:: Task prompt ::
The required output is a single number: how many lines of the material contain the string "perms".
=== Begin Enclosure ===
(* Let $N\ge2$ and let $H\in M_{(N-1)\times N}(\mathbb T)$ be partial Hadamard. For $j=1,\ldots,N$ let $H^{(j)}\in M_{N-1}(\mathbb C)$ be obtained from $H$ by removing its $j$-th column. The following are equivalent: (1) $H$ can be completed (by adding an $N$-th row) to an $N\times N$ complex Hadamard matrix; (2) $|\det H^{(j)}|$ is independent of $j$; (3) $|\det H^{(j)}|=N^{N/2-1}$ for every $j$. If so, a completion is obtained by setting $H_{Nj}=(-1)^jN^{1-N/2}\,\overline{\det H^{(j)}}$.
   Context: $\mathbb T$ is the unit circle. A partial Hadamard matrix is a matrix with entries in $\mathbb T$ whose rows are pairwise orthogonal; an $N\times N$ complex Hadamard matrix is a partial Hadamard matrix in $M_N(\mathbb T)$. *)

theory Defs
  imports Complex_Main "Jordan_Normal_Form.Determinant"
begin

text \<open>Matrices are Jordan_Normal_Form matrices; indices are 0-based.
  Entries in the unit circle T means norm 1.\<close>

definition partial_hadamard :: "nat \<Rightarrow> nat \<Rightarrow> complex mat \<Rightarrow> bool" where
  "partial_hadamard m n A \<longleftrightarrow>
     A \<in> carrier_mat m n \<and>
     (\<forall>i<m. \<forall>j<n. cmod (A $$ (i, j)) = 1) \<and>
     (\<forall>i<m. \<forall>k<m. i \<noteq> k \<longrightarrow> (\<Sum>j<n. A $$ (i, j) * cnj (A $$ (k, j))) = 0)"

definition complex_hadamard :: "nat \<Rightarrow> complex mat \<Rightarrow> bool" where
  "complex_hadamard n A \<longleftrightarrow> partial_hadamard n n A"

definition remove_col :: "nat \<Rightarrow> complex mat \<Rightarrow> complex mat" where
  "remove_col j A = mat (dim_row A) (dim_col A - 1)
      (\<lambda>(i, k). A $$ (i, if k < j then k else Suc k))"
=== End Enclosure ===
=== Begin Enclosure ===
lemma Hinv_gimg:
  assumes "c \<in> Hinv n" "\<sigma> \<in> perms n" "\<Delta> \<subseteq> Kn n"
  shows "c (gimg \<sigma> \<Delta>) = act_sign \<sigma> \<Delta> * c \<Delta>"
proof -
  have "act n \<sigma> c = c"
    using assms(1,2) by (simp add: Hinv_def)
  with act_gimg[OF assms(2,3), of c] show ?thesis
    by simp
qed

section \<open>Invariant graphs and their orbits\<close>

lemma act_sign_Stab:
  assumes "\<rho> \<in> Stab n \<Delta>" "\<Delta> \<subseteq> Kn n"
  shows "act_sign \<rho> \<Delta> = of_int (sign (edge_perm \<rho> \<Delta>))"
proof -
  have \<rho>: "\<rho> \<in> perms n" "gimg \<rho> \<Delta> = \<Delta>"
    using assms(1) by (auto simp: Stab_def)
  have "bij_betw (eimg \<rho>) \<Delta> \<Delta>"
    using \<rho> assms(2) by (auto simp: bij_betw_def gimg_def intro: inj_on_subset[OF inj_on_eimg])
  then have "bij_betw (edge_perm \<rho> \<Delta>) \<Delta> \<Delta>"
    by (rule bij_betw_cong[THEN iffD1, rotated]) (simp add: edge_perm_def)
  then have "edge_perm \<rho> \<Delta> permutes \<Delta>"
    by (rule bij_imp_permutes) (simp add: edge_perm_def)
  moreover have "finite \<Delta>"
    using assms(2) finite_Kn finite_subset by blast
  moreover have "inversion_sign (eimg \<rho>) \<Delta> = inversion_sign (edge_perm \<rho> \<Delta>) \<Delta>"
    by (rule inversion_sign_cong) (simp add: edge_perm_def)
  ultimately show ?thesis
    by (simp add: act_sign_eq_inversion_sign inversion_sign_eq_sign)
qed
=== End Enclosure ===
:: Worked solution ::
2